Highway numbers since 2009 show a decline of about 3,000 travelers per year in each direction through the border between May and September.

Independent travelers still outnumber cruise passengers about two to one, but Carlson isn’t optimistic about returning to historic numbers of visitors by road.

Tighter work schedules and higher gas prices have hurt that traffic, she said. Lower 48 residents are more likely to fly in and rent an RV than to drive from the Lower 48, she said, but when they do, their destination is Anchorage, which is generally less expensive than coming into Juneau.

She said she’s hoping to secure funding from the borough for a study that will help identify the demographics of independent visitors, including their ages and place of origin. Also, next year for the first time since the 1980s, the State of Alaska will advertise on network TV in prime time.

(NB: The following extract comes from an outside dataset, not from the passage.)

(* Let $U$ be as in the context and let $\mathcal{A}$ be the set of critical points of $U$ in $\mathbb{S}^1$. Every weak KAM solution $w$ of negative type of $w'(x)(w'(x)-U'(x))=0$ on $\mathbb{S}^1$ is an invariant solution of the Lax–Oleinik semigroup, i.e. $S_tw=w$ for all $t\ge0$, and satisfies $$w(y)=\inf_{x\in\mathbb{S}^1}\big(w(x)+v(y;x)\big)=\inf_{z\in\mathcal{A}}\big(w(z)+h(y;z)\big),\qquad y\in\mathbb{S}^1.$$ In particular, the function $W(x)=\min_{j=1,\dots,k}\{W_j+h(x;x_j)\}$ with $W_i:=\min_{j=1,\dots,k}(\tilde h_R(x_i;x_{j+1})+\tilde h_L(x_i;x_j))$ is an invariant solution of $S_t$.
   Context: $\mathbb{S}^1=\mathbb{R}/\mathbb{Z}$; $U:\mathbb{R}\to\mathbb{R}$ smooth, skew periodic ($U(x)=\tilde U(x)-\bar bx$, $\tilde U$ smooth 1-periodic), whose critical points in one period are exactly $k\ge1$ local minima $x_1,\dots,x_k$ interleaved with $k$ local maxima, $0=x_{1/2}<x_1<x_{3/2}<\dots<x_k<x_{k+1/2}=1$, $x_{i+\ell k}=x_i+\ell$. $L(s,x)=\frac14(s+U'(x))^2$. Lax–Oleinik semigroup: $(S_tu)(y)=\inf_{x\in\mathbb{S}^1}\big(u(x)+\inf\{\int_0^tL(\dot\gamma,\gamma)d\tau:\gamma(0)=x,\gamma(t)=y\}\big)$. Mañé potential: $v(y;x)=\inf\{\int_0^TL(\dot\gamma,\gamma)dt:T\ge0,\gamma:[0,T]\to\mathbb{S}^1$ absolutely continuous, $\gamma(0)=x,\gamma(T)=y\}$. Peierls barrier: $h(y;z)=\liminf_{T\to\infty}\inf\{\int_0^TL(\dot\gamma,\gamma)dt:\gamma(0)=z,\gamma(T)=y\}$. Right barrier: for $y\in[x_i,x_{i+k}]$, $h_R(y;x_i)=\inf\{\int_0^TL(\dot\gamma,\gamma)dt:T\ge0,\gamma:[0,T]\to\mathbb{R}$ absolutely continuous, $\gamma(0)=x_i,\gamma(T)=y\}$; left barrier $h_L(y;x_i)$, $y\in[x_{i-k},x_i]$, same formula; $\tilde h_R(x_i;x_{j+1})=h_R(x_i;x_{j+1})$ if $j<i$, $=h_R(x_{i+k};x_{j+1})$ if $j\ge i$; $\tilde h_L(x_i;x_j)=h_L(x_i;x_j)$ if $j\ge i$, $=h_L(x_{i-k};x_j)$ if $j<i$ ($x_{k+1}=x_1+1$). Weak KAM solution of negative type: continuous $u$ with (I) $u(\gamma(b))-u(\gamma(a))\le\int_a^bL(\dot\gamma,\gamma)dt$ for all absolutely continuous $\gamma:[a,b]\to\mathbb{S}^1$, and (II) for each $x$ a continuous piecewise $C^1$ $\gamma:(-\infty,0]\to\mathbb{S}^1$, $\gamma(0)=x$, with equality in (I) for all $a<b\le0$. *)

theory Defs
  imports "HOL-Analysis.Analysis"
begin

Such advertising helped boost road traffic to record highs in the early 1990s, but isn’t likely to have that much bounce. “It’s just cheaper to cruise up here,” Carlson said. “But it will also help the independent market.”

Tour-related businesses without a direct tie to cruise ships provided reports similar to tour boat operator Jacobson’s.

Hotel owner Jeff Butcher said the season was “right in the middle” of the previous years, with a slight increase over last year, he said, due in part to two conventions held here this year.

Bookstore operator Tom Heywood said the summer was the store’s slowest. “It was very similar to last summer, the previous lowest.” His numbers have been sinking in the last four to five years, he said.

“Wednesday ships do not create many sales for us,” Heywood said. “We’re trying to figure out a way to diversify to stay afloat.” But road traffic, for the book store, was definitely down, he said.

Fred Shields of the Wild Iris found that business was about the same as last year. “I think there’s been a downward trend.”